Action item ▸ The material below contains a line with "(simp add: ag g)" and a line with "fix a b assume". Copy exactly those two lines and all lines between them.

Study material ▸
lemma center_subgroup: "subgroup center G"
proof (rule subgroupI)
  show "center \<subseteq> carrier G" by (auto simp: center_def)
  have "\<one> \<in> center" by (simp add: center_def)
  then show "center \<noteq> {}" by blast
next
  fix a assume a: "a \<in> center"
  then have ac: "a \<in> carrier G" and ag: "\<And>g. g \<in> carrier G \<Longrightarrow> a \<otimes> g = g \<otimes> a"
    by (auto simp: center_def)
  have "inv a \<otimes> g = g \<otimes> inv a" if g: "g \<in> carrier G" for g
  proof -
    have "inv a \<otimes> g = inv a \<otimes> (g \<otimes> a) \<otimes> inv a" using ac g by (simp add: m_assoc)
    also have "\<dots> = inv a \<otimes> (a \<otimes> g) \<otimes> inv a" by (simp add: ag g)
    also have "\<dots> = g \<otimes> inv a" using ac g by (simp add: m_assoc[symmetric])
    finally show ?thesis .
  qed
  then show "inv a \<in> center" using ac by (simp add: center_def)
next
  fix a b assume "a \<in> center" "b \<in> center"
  then have ac: "a \<in> carrier G" "\<And>g. g \<in> carrier G \<Longrightarrow> a \<otimes> g = g \<otimes> a"
    and bc: "b \<in> carrier G" "\<And>g. g \<in> carrier G \<Longrightarrow> b \<otimes> g = g \<otimes> b"
    by (auto simp: center_def)
  have "a \<otimes> b \<otimes> g = g \<otimes> (a \<otimes> b)" if g: "g \<in> carrier G" for g
  proof -
    have "a \<otimes> b \<otimes> g = a \<otimes> g \<otimes> b" using ac(1) bc g by (simp add: m_assoc)
    also have "\<dots> = g \<otimes> (a \<otimes> b)" using ac(1) ac(2)[OF g] bc(1) g by (simp add: m_assoc)
    finally show ?thesis .
  qed
  then show "a \<otimes> b \<in> center" using ac(1) bc(1) by (simp add: center_def)
qed

lemma center_closed: "z \<in> center \<Longrightarrow> z \<in> carrier G"
  by (simp add: center_def)

lemma center_commute: "z \<in> center \<Longrightarrow> g \<in> carrier G \<Longrightarrow> z \<otimes> g = g \<otimes> z"
  by (simp add: center_def)

lemma pow_mem_center: "c \<in> center \<Longrightarrow> c [^] (k::nat) \<in> center"
  by (induction k) (auto intro: subgroup.m_closed[OF center_subgroup] subgroup.one_closed[OF center_subgroup])

lemma conj_center_coset:
  assumes "a \<in> carrier G" "g \<in> carrier G"
  shows "g <# (center #> a) #> inv g = center #> (g \<otimes> a \<otimes> inv g)"
proof -
  have "g \<otimes> (z \<otimes> a) \<otimes> inv g = z \<otimes> (g \<otimes> a \<otimes> inv g)" if z: "z \<in> center" for z
  proof -
    have "g \<otimes> (z \<otimes> a) \<otimes> inv g = (g \<otimes> z) \<otimes> a \<otimes> inv g"
      using center_closed[OF z] assms by (simp add: m_assoc)
    also have "\<dots> = z \<otimes> (g \<otimes> a \<otimes> inv g)"
      using center_closed[OF z] center_commute[OF z assms(2), symmetric] assms by (simp add: m_assoc)
    finally show ?thesis .
  qed
  then show ?thesis unfolding r_coset_def l_coset_def by auto
qed

lemma conj_rcosets_center:
  assumes "g \<in> carrier G" "S \<in> rcosets center"
  shows "g <# S #> inv g \<in> rcosets center"
proof -
  obtain a where a: "a \<in> carrier G" "S = center #> a" using assms(2) by (auto simp: RCOSETS_def)
  then have "g <# S #> inv g = center #> (g \<otimes> a \<otimes> inv g)" using assms(1) conj_center_coset by simp
  moreover have "g \<otimes> a \<otimes> inv g \<in> carrier G" using a assms(1) by simp
  ultimately show ?thesis unfolding RCOSETS_def by blast
qed

lemma prime_dvd_card_rcosets_center:
  assumes "Factorial_Ring.prime p" "order G = p ^ n" "\<not> comm_group G"
  shows "p dvd card (rcosets center)"
proof -
  have fin: "finite (carrier G)"
    using assms(1,2) order_gt_0_iff_finite by (simp add: prime_gt_0_nat)
  have "center \<noteq> carrier G"
    using assms(3) group_comm_groupI by (auto simp: center_def)
  then have "card center < order G"
    using fin center_closed by (simp add: order_def psubset_card_mono psubsetI subsetI)
  then have "card (rcosets center) \<noteq> 1" using lagrange[OF center_subgroup] by auto
  moreover have "card (rcosets center) dvd p ^ n"
    using lagrange[OF center_subgroup] assms(2) by (metis dvd_triv_left)
  ultimately show ?thesis using divides_primepow_nat[OF assms(1)] by (metis dvd_power neq0_conv power_0)
qed

lemma exists_noncentral_central_modulo_center:
  assumes "Factorial_Ring.prime p" "order G = p ^ n" "\<not> comm_group G"
  shows "\<exists>a\<in>carrier G. a \<notin> center \<and> (\<forall>g\<in>carrier G. g \<otimes> a \<otimes> inv g \<in> center #> a)"
proof -
  let ?E = "{H. H \<subseteq> carrier G}"
  let ?\<phi> = "\<lambda>g. \<lambda>H \<in> ?E. g <# H #> inv g"
  interpret conj: group_action G ?E ?\<phi> by (rule action_by_conjugation_on_power_set)
  have fin: "finite (carrier G)"
    using assms(1,2) order_gt_0_iff_finite by (simp add: prime_gt_0_nat)
  have Z: "subgroup center G" "center \<subseteq> carrier G"
    using center_subgroup center_closed by auto
  have \<phi>_coset: "?\<phi> g (center #> a) = center #> (g \<otimes> a \<otimes> inv g)" if "a \<in> carrier G" "g \<in> carrier G" for a g
    using that conj_center_coset r_coset_subset_G[OF Z(2)] by simp
  define Fix where "Fix = {S \<in> rcosets center. \<forall>g\<in>carrier G. ?\<phi> g S = S}"
  have "card (rcosets center) mod p = card Fix mod p"
    unfolding Fix_def
  proof (rule conj.card_mod_prime_eq_card_fixed_points[OF assms(1,2)])
    show "rcosets center \<subseteq> ?E" using r_coset_subset_G[OF Z(2)] by (auto simp: RCOSETS_def)
    show "finite (rcosets center)" using fin by (simp add: RCOSETS_def)
    show "?\<phi> g S \<in> rcosets center" if "g \<in> carrier G" "S \<in> rcosets center" for g S
    proof -
      have "S \<subseteq> carrier G" using that(2) r_coset_subset_G[OF Z(2)] by (auto simp: RCOSETS_def)
      then show ?thesis using conj_rcosets_center[OF that] by simp
    qed
  qed
  then have "p dvd card Fix"
    using prime_dvd_card_rcosets_center[OF assms] by (simp add: mod_eq_0_iff_dvd[symmetric])
  moreover have "center \<in> Fix"
  proof -
    have "center #> \<one> \<in> rcosets center" by (auto simp: RCOSETS_def)
    moreover have "?\<phi> g center = center" if "g \<in> carrier G" for g
      using \<phi>_coset[OF one_closed that] that Z(2) by simp
    ultimately show ?thesis using Z(2) by (simp add: Fix_def)
  qed
  moreover have "\<not> p dvd 1" using prime_gt_1_nat[OF assms(1)] by simp
  ultimately have "Fix \<noteq> {center}" by auto
  then obtain S where S: "S \<in> Fix" "S \<noteq> center" using \<open>center \<in> Fix\<close> by blast
  then obtain a where a: "a \<in> carrier G" "S = center #> a" by (auto simp: Fix_def RCOSETS_def)
  have "a \<notin> center" using S a coset_join2[OF a(1) Z(1)] by auto
  moreover have "g \<otimes> a \<otimes> inv g \<in> center #> a" if g: "g \<in> carrier G" for g
  proof -
    have "center #> (g \<otimes> a \<otimes> inv g) = center #> a"
      using S a g \<phi>_coset by (simp add: Fix_def)
    then show ?thesis using rcos_self[OF _ Z(1), of "g \<otimes> a \<otimes> inv g"] a g by simp
  qed
  ultimately show ?thesis using a by blast
qed

lemma exists_central_commutator:
  assumes "Factorial_Ring.prime p" "order G = p ^ n" "\<not> comm_group G"
  shows "\<exists>a\<in>carrier G. \<exists>b\<in>carrier G. \<exists>c\<in>center. c \<noteq> \<one> \<and> a \<otimes> b = b \<otimes> a \<otimes> c"
proof -
  obtain a where a: "a \<in> carrier G" "a \<notin> center" and conj: "\<And>g. g \<in> carrier G \<Longrightarrow> g \<otimes> a \<otimes> inv g \<in> center #> a"
    using exists_noncentral_central_modulo_center[OF assms] by blast
  obtain b where b: "b \<in> carrier G" "a \<otimes> b \<noteq> b \<otimes> a" using a by (auto simp: center_def)
  have "inv b \<otimes> a \<otimes> b \<in> center #> a" using conj[of "inv b"] b by simp
  then obtain z where z: "z \<in> center" "inv b \<otimes> a \<otimes> b = z \<otimes> a" by (auto simp: r_coset_def)
  have "a \<otimes> b = b \<otimes> (inv b \<otimes> a \<otimes> b)" using a b by (simp add: m_assoc[symmetric])
  also have "\<dots> = b \<otimes> a \<otimes> z"
    using z a b center_closed[OF z(1)] center_commute[OF z(1) a(1)] by (simp add: m_assoc)
  finally have "a \<otimes> b = b \<otimes> a \<otimes> z" .
  moreover have "z \<noteq> \<one>" using calculation a b by auto
  ultimately show ?thesis using a b z by blast
qed

end

section \<open>Embedding the Heisenberg group\<close>

lemma Heis_mult:
  "(a, b, c) \<otimes>\<^bsub>Heis p\<^esub> (a', b', c') = ((a + a') mod p, (b + b') mod p, (c + c' + a * b') mod p)"
  by (simp add: Heis_def)

lemma Heis_mult_assoc:
  "(x \<otimes>\<^bsub>Heis p\<^esub> y) \<otimes>\<^bsub>Heis p\<^esub> z = x \<otimes>\<^bsub>Heis p\<^esub> (y \<otimes>\<^bsub>Heis p\<^esub> z)"
proof -
  obtain a b c a' b' c' a'' b'' c'' where "x = (a, b, c)" "y = (a', b', c')" "z = (a'', b'', c'')"
    by (cases x, cases y, cases z) auto
  moreover have "((c + c' + a * b') mod p + c'' + (a + a') mod p * b'') mod p
      = ((c + c' + a * b') + c'' + (a + a') * b'') mod p"
    and "(c + (c' + c'' + a' * b'') mod p + a * ((b' + b'') mod p)) mod p
      = (c + (c' + c'' + a' * b'') + a * (b' + b'')) mod p"
    by (intro mod_add_cong mod_mult_cong; simp)+
  ultimately show ?thesis
    by (simp add: Heis_mult mod_add_left_eq mod_add_right_eq algebra_simps)
qed

lemma group_Heis:
  assumes "0 < p"
  shows "group (Heis p)"
proof (rule groupI)
  fix x y z
  show "x \<otimes>\<^bsub>Heis p\<^esub> y \<otimes>\<^bsub>Heis p\<^esub> z = x \<otimes>\<^bsub>Heis p\<^esub> (y \<otimes>\<^bsub>Heis p\<^esub> z)"
    by (rule Heis_mult_assoc)
next
  have neg: "((p - n mod p) mod p + n) mod p = 0" for n
  proof -
    have "((p - n mod p) mod p + n) mod p = (p - n mod p + n mod p) mod p"
      by (simp add: mod_add_left_eq mod_add_right_eq)
    also have "\<dots> = 0" using assms by (simp add: less_imp_le)
    finally show ?thesis .
  qed
  fix x assume "x \<in> carrier (Heis p)"
  then obtain a b c where x: "x = (a, b, c)" "a < p" "b < p" by (auto simp: Heis_def)
  define y where "y = ((p - a) mod p, (p - b) mod p, (p - (c + (p - a) mod p * b) mod p) mod p)"
  have "y \<otimes>\<^bsub>Heis p\<^esub> x = (0, 0, 0)"
    using neg[of a] neg[of b] neg[of "c + (p - a) mod p * b"] x
    by (simp add: y_def Heis_mult add.assoc)
  moreover have "y \<in> carrier (Heis p)"
    using assms by (simp add: y_def Heis_def)
  ultimately show "\<exists>y\<in>carrier (Heis p). y \<otimes>\<^bsub>Heis p\<^esub> x = \<one>\<^bsub>Heis p\<^esub>"
    by (auto simp: Heis_def)
qed (use assms in \<open>auto simp: Heis_def\<close>)

lemma (in group_hom) iso_img_if_inj:
  assumes "inj_on h (carrier G)"
  shows "H\<lparr>carrier := h ` carrier G\<rparr> \<cong> G"
proof -
  have "h \<in> iso G (H\<lparr>carrier := h ` carrier G\<rparr>)"
    using assms by (auto simp: iso_def hom_def bij_betw_def)
  then show ?thesis by (rule G.iso_sym[OF is_isoI])
qed

context group begin

lemma mult_pow_swap_central:
  assumes "a \<in> carrier G" "b \<in> carrier G" "c \<in> center" "a \<otimes> b = b \<otimes> a \<otimes> c"
  shows "a \<otimes> b [^] (j::nat) = b [^] j \<otimes> a \<otimes> c [^] j"
proof (induction j)
  case (Suc j)
  have c: "c \<in> carrier G" "\<And>g. g \<in> carrier G \<Longrightarrow> c [^] j \<otimes> g = g \<otimes> c [^] j"
    using assms(3) pow_mem_center[OF assms(3)] by (auto simp: center_closed center_commute)
  have "a \<otimes> b [^] Suc j = (a \<otimes> b [^] j) \<otimes> b"
    using assms(1,2) by (simp add: m_assoc)
  also have "\<dots> = b [^] j \<otimes> a \<otimes> (c [^] j \<otimes> b)"
    using Suc assms(1,2) c(1) by (simp add: m_assoc)
  also have "\<dots> = b [^] j \<otimes> (a \<otimes> b) \<otimes> c [^] j"
    using assms(1,2) c by (simp add: m_assoc)
  also have "\<dots> = b [^] Suc j \<otimes> a \<otimes> c [^] Suc j"
    using assms c(1) c(2)[OF c(1)] by (simp add: m_assoc)
  finally show ?case .
qed (use assms in simp)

Written answer ▸
    also have "\<dots> = inv a \<otimes> (a \<otimes> g) \<otimes> inv a" by (simp add: ag g)
    also have "\<dots> = g \<otimes> inv a" using ac g by (simp add: m_assoc[symmetric])
    finally show ?thesis .
  qed
  then show "inv a \<in> center" using ac by (simp add: center_def)
next
  fix a b assume "a \<in> center" "b \<in> center"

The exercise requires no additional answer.